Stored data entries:
=======
lemma card_pair_plus_quarter_signs:
  assumes "d2 - d \<in> half_units"
  shows "2 ^ CARD('n) + 2 ^ (CARD('n) - 1) \<le> card ({d, d2 :: real^'n} + quarter_signs)"
proof -
  obtain l a where l: "d2 - d = axis l a" and a: "a \<in> {1/2, -1/2}"
    using assms unfolding half_units_def by blast
  define T where "T = {h \<in> quarter_signs. h $ l = a/2}"
  have card_T: "card T = 2 ^ (CARD('n) - 1)"
    unfolding T_def using a by (intro card_quarter_signs_coordinate_eq) auto
  have "T \<subseteq> quarter_signs"
    unfolding T_def by blast
  then have finite_T: "finite T"
    using finite_quarter_signs by (rule finite_subset)
  \<comment> \<open>At coordinate l the points of d2 + T lie 3/4 away from d, out of reach of d + quarter_signs.\<close>
  have disjoint: "({d} + quarter_signs) \<inter> ({d2} + T) = {}"
  proof -
    have "d + h \<noteq> d2 + h'" if "h \<in> quarter_signs" "h' \<in> T" for h h'
    proof
      assume sum_eq: "d + h = d2 + h'"
      have "(d + h) $ l = (d2 + h') $ l"
        by (simp only: sum_eq)
      then have "d $ l + h $ l = d2 $ l + h' $ l"
        by simp
      moreover have "d2 $ l = d $ l + a"
        using arg_cong[OF l, of "\<lambda>v. v $ l"] by simp
      moreover have "h' $ l = a/2"
        using that(2) unfolding T_def by blast
      moreover have "h $ l \<in> {1/4, -1/4}"
        using that(1) unfolding quarter_signs_def by blast
      ultimately show False
        using a by auto
    qed
    then show ?thesis
      by (auto elim!: set_plus_elim)
  qed
  have "card (({d} + quarter_signs) \<union> ({d2} + T)) = card ({d} + quarter_signs) + card ({d2} + T)"
    using finite_quarter_signs finite_T by (intro card_Un_disjoint[OF _ _ disjoint] finite_set_plus) auto
  also have "\<dots> = 2 ^ CARD('n) + 2 ^ (CARD('n) - 1)"
    by (simp only: card_singleton_plus card_quarter_signs card_T)
  finally have "card (({d} + quarter_signs) \<union> ({d2} + T)) = 2 ^ CARD('n) + 2 ^ (CARD('n) - 1)" .
  moreover have "card (({d} + quarter_signs) \<union> ({d2} + T)) \<le> card ({d, d2} + quarter_signs)"
  proof (rule card_mono)
    show "finite ({d, d2} + quarter_signs)"
      by (simp add: finite_quarter_signs finite_set_plus)
    show "({d} + quarter_signs) \<union> ({d2} + T) \<subseteq> {d, d2} + quarter_signs"
      using \<open>T \<subseteq> quarter_signs\<close> by (intro Un_least set_plus_mono2) auto
  qed
  ultimately show ?thesis
    by simp
qed

lemma exists_common_quarter_sign_neighbour:
  assumes "c' - c \<in> half_units"
  obtains d :: "real^'n" where "c - d \<in> quarter_signs" and "c' - d \<in> quarter_signs"
proof -
  obtain i a where i: "c' - c = axis i a" and a: "a \<in> {1/2, -1/2}"
    using assms unfolding half_units_def by blast
  define \<sigma> :: "real^'n" where "\<sigma> = (\<chi> j. if j = i then - a/2 else 1/4)"
  have \<sigma>: "\<sigma> $ j \<in> {1/4, -1/4}" and shifted: "(axis i a + \<sigma>) $ j \<in> {1/4, -1/4}" for j
    using a by (auto simp: \<sigma>_def axis_def)
  have shift_eq: "c' - (c - \<sigma>) = axis i a + \<sigma>"
    using i by (simp add: algebra_simps)
  have "c' - (c - \<sigma>) \<in> quarter_signs"
    unfolding shift_eq quarter_signs_def using shifted by simp
  moreover have "c - (c - \<sigma>) \<in> quarter_signs"
    unfolding quarter_signs_def using \<sigma> by simp
  ultimately show ?thesis
    using that by blast
qed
=======
WHAT YOU ARE ASKED TO DO
Every line of the data that includes the word "only" should be copied.

TASK SOLUTION
        by (simp only: sum_eq)
    by (simp only: card_singleton_plus card_quarter_signs card_T)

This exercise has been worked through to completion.